> Information:
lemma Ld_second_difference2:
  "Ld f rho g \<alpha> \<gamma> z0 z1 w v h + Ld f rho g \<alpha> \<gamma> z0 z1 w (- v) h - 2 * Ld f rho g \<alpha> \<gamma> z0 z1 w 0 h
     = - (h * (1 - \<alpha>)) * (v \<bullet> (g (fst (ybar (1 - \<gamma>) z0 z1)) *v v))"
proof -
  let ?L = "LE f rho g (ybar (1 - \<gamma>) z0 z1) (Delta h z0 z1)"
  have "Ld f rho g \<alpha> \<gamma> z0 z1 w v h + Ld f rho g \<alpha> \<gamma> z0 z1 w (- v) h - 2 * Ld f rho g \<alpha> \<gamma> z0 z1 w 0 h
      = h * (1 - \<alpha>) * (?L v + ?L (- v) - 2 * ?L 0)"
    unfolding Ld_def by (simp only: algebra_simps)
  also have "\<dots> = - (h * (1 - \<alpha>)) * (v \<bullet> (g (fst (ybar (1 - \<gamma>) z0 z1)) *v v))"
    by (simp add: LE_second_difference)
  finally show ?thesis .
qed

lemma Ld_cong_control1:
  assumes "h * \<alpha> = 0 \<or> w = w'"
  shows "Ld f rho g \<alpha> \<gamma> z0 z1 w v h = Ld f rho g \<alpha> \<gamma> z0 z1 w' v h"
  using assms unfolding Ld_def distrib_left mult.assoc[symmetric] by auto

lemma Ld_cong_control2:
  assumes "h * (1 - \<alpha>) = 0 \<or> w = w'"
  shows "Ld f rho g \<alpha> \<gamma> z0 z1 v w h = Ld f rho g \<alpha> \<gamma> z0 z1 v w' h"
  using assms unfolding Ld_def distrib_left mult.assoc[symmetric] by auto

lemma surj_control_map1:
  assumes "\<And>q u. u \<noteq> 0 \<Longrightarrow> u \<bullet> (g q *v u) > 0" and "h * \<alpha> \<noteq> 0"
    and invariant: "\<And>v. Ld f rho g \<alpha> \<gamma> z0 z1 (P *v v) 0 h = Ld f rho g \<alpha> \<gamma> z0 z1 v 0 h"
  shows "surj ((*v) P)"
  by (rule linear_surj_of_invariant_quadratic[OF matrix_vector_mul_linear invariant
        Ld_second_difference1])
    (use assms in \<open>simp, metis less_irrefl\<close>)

> Exercise description: Write out each line exactly, as it is shown above.

> Response to this exercise:
lemma Ld_second_difference2:
  "Ld f rho g \<alpha> \<gamma> z0 z1 w v h + Ld f rho g \<alpha> \<gamma> z0 z1 w (- v) h - 2 * Ld f rho g \<alpha> \<gamma> z0 z1 w 0 h
     = - (h * (1 - \<alpha>)) * (v \<bullet> (g (fst (ybar (1 - \<gamma>) z0 z1)) *v v))"
proof -
  let ?L = "LE f rho g (ybar (1 - \<gamma>) z0 z1) (Delta h z0 z1)"
  have "Ld f rho g \<alpha> \<gamma> z0 z1 w v h + Ld f rho g \<alpha> \<gamma> z0 z1 w (- v) h - 2 * Ld f rho g \<alpha> \<gamma> z0 z1 w 0 h
      = h * (1 - \<alpha>) * (?L v + ?L (- v) - 2 * ?L 0)"
    unfolding Ld_def by (simp only: algebra_simps)
  also have "\<dots> = - (h * (1 - \<alpha>)) * (v \<bullet> (g (fst (ybar (1 - \<gamma>) z0 z1)) *v v))"
    by (simp add: LE_second_difference)
  finally show ?thesis .
qed

lemma Ld_cong_control1:
  assumes "h * \<alpha> = 0 \<or> w = w'"
  shows "Ld f rho g \<alpha> \<gamma> z0 z1 w v h = Ld f rho g \<alpha> \<gamma> z0 z1 w' v h"
  using assms unfolding Ld_def distrib_left mult.assoc[symmetric] by auto

lemma Ld_cong_control2:
  assumes "h * (1 - \<alpha>) = 0 \<or> w = w'"
  shows "Ld f rho g \<alpha> \<gamma> z0 z1 v w h = Ld f rho g \<alpha> \<gamma> z0 z1 v w' h"
  using assms unfolding Ld_def distrib_left mult.assoc[symmetric] by auto

lemma surj_control_map1:
  assumes "\<And>q u. u \<noteq> 0 \<Longrightarrow> u \<bullet> (g q *v u) > 0" and "h * \<alpha> \<noteq> 0"
    and invariant: "\<And>v. Ld f rho g \<alpha> \<gamma> z0 z1 (P *v v) 0 h = Ld f rho g \<alpha> \<gamma> z0 z1 v 0 h"
  shows "surj ((*v) P)"
  by (rule linear_surj_of_invariant_quadratic[OF matrix_vector_mul_linear invariant
        Ld_second_difference1])
    (use assms in \<open>simp, metis less_irrefl\<close>)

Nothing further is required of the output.